The transformation that does that, is
[tex]c_n=\frac{\alpha^{-n}}{x_n}+\beta[/tex]
Plug this to your equation and choose [itex]\alpha,\beta[/itex] in order to arrive to [itex]x_{n+1}=x_n+b_n[/itex]
 
Rainbow Child said:
Every recurrence equation of the form
[tex]c_{n+1}=\frac{\kappa\,c_n+\lambda}{\mu\,c_n+\nu},\quad \kappa\,\nu-\mu\,\lambda\neq0[/tex]
can be brought into the linear form [itex]x_{n+1}=x_n+b_n[/itex] with [itex]b_n[/itex] known.
The transformation that does that, is
[tex]c_n=\frac{\alpha^{-n}}{x_n}+\beta[/tex]
Plug this to your equation and choose [itex]\alpha,\beta[/itex] in order to arrive to [itex]x_{n+1}=x_n+b_n[/itex]

How do I get that to simplify into the required form? I tried plugging it in like this:

[tex]\frac{ \alpha ^{-n-1} }{x_{n+1} }+ \beta =\left( \frac{1}{x_{0} }+ \beta \right)\left[ \frac{3\left( \frac{ \alpha ^{-n} }{x_{n} }+ \beta \right)+\frac{1}{x_{0} }+ \beta }{2\left( \frac{ \alpha ^{-n} }{x_{n} }+ \beta \right)+\frac{1}{x_{0} }+ \beta } \right][/tex]

but I couldn't figure out how to simplify it without being left with a [tex]x_n x_{n+1}[/tex] term.
 
You don't change [itex]c_0[/itex] into [itex]\frac{1}{x_0}+\beta[/itex] because it is a constant. Just write

[tex]\frac{ \alpha ^{-n-1} }{x_{n+1} }+ \beta =c_0 \frac{3\left( \frac{ \alpha ^{-n} }{x_{n} }+ \beta \right)+c_0}{2\left( \frac{ \alpha ^{-n} }{x_{n} }+ \beta \right)+c_0}[/tex]

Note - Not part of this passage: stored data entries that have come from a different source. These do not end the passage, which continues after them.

definition two_phase_weak_solution :: "real \<Rightarrow> real \<Rightarrow> (real^2) set \<Rightarrow> (real^2 \<Rightarrow> real) \<Rightarrow> bool" where
  "two_phase_weak_solution \<alpha> x20 \<Omega> u \<longleftrightarrow>
     W12 \<Omega> u \<and>
     continuous_on \<Omega> u \<and> C2_on (\<Omega> \<inter> {x. u x \<noteq> 0}) u \<and>
     (\<exists>g. weak_gradient \<Omega> u g \<and>
       (\<forall>\<phi>::real^2 \<Rightarrow> real^2. C1c \<Omega> \<phi> \<longrightarrow>
          0 = (LINT x:\<Omega>|lebesgue. (norm (g x))\<^sup>2 * divg \<phi> x - 2 * quadD (g x) \<phi> x)
            + (LINT x:(\<Omega> \<inter> {x. x $ 2 < x20})|lebesgue.
                 (x20 - x $ 2) * indicator {x. u x < 0} x * divg \<phi> x - indicator {x. u x < 0} x * \<phi> x $ 2)
            + (LINT x:(\<Omega> \<inter> {x. x $ 2 > x20})|lebesgue.
                 (x $ 2 - x20) * indicator {x. u x > 0} x * divg \<phi> x + indicator {x. u x > 0} x * \<phi> x $ 2))) \<and>
     locally_C2alpha_curve \<alpha> \<Omega> (frontier {x. u x < 0})"

definition one_phase_weak_solution :: "real \<Rightarrow> real \<Rightarrow> (real^2) set \<Rightarrow> (real^2 \<Rightarrow> real) \<Rightarrow> bool" where
  "one_phase_weak_solution \<alpha> x20 U w \<longleftrightarrow>
     (\<forall>x\<in>U. w x \<le> 0) \<and> W12 U w \<and>
     continuous_on U w \<and> C2_on (U \<inter> {x. w x < 0}) w \<and>
     (\<exists>g. weak_gradient U w g \<and>
       (\<forall>\<phi>::real^2 \<Rightarrow> real^2. C1c U \<phi> \<longrightarrow>
          0 = (LINT x:U|lebesgue. (norm (g x))\<^sup>2 * divg \<phi> x - 2 * quadD (g x) \<phi> x)
            + (LINT x:(U \<inter> {x. x $ 2 < x20})|lebesgue.
                 (x20 - x $ 2) * indicator {x. w x < 0} x * divg \<phi> x - indicator {x. w x < 0} x * \<phi> x $ 2))) \<and>
     locally_C2alpha_curve \<alpha> U (frontier {x. w x < 0})"

end

theory Submission
  imports Defs
begin

text \<open>A test field supported in \<open>\<Omega> \<inter> {u \<le> 0}\<close> does not see the positive phase, so the
  positive-phase term of the first domain variation drops out, and the remaining terms are those of
  the one-phase functional for \<open>u\<^sup>- = min u 0\<close>, which agrees with \<open>u\<close> on the support. Regularity
  and the free boundary carry over because \<open>{u\<^sup>- < 0} = {u < 0}\<close> is open and its frontier inside
  \<open>\<Omega>\<close> lies in \<open>{u \<le> 0}\<close>.\<close>

lemma has_derivative_at_cong_open:
  assumes "open S" "x \<in> S" "\<And>y. y \<in> S \<Longrightarrow> f y = g y"
  shows "(f has_derivative D) (at x) \<longleftrightarrow> (g has_derivative D) (at x)"
  using has_derivative_transform_within_open[OF _ assms(1,2)] assms(3) by metis

lemma differentiable_at_cong_open:
  assumes "open S" "x \<in> S" "\<And>y. y \<in> S \<Longrightarrow> f y = g y"
  shows "f differentiable (at x) \<longleftrightarrow> g differentiable (at x)"
  unfolding differentiable_def using has_derivative_at_cong_open[of S x f g] assms by blast

lemma pd_cong_open:
  assumes "open S" "x \<in> S" "\<And>y. y \<in> S \<Longrightarrow> f y = g y"
  shows "pd f j x = pd g j x"
  unfolding pd_def frechet_derivative_def using has_derivative_at_cong_open[of S x f g] assms by simp

lemma pd_eq_0_outside_support:
  fixes f :: "real^2 \<Rightarrow> 'b::real_normed_vector"
  assumes "x \<notin> closure {y. f y \<noteq> 0}"
  shows "pd f j x = 0"
proof -
  have "pd f j x = pd (\<lambda>_. 0::'b) j x"
    by (rule pd_cong_open[of "- closure {y. f y \<noteq> 0}"])
       (use assms closure_subset[of "{y. f y \<noteq> 0}"] in blast)+
  also have "\<dots> = 0"
    unfolding pd_def by (simp flip: frechet_derivative_at[OF has_derivative_const])
  finally show ?thesis .
qed

lemma C2_on_subset: "C2_on S f \<Longrightarrow> T \<subseteq> S \<Longrightarrow> C2_on T f"
  unfolding C2_on_def by (meson continuous_on_subset subsetD)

and calculate [itex]\alpha,\beta[/itex]. No term [itex]x_n\,x_{n+1}[/itex] must survive.
 
Here's what I have so far:

After making the substitution you suggested, I solved for [tex]\beta[/tex] by noticing that in order for the [tex]x_n x_{n+1}[/tex] term to disappear, either [tex]\alpha=0[/tex] or [tex]c_0^2 + 2c_0\beta -2\beta^2 = 0[/tex]. Solving, I got [tex]\beta=\pm \frac{c_0}{2} (1+\sqrt{3}).[/tex] For convenience, I only used [tex]\beta = \frac{c_0}{2} (1+\sqrt{3}).[/tex] Am I allowed to do that?

So, substituting in, I got
[tex]x_{n+1} = \left ( \frac{2+\sqrt{3}}{2-\sqrt{3}} \right ) \frac{x_n}{\alpha} + \frac{2}{c_0\alpha^{n+1} (2-\sqrt{3})}.[/tex]​

This is where I get "stuck". I figured out a way to solve for [tex]x_n[/tex] that's analagous to finding an integrating factor for a linear ODE, but it involves really nasty algebra. Is there a better way?
 
Last edited:
You are almost there! :smile:
Choose for
[tex]\alpha=\frac{2+\sqrt{3}}{2-\sqrt{3}}[/tex]
in order to eliminate the coefficient of [itex]x_n[/itex]. Can you solve the resulting equation?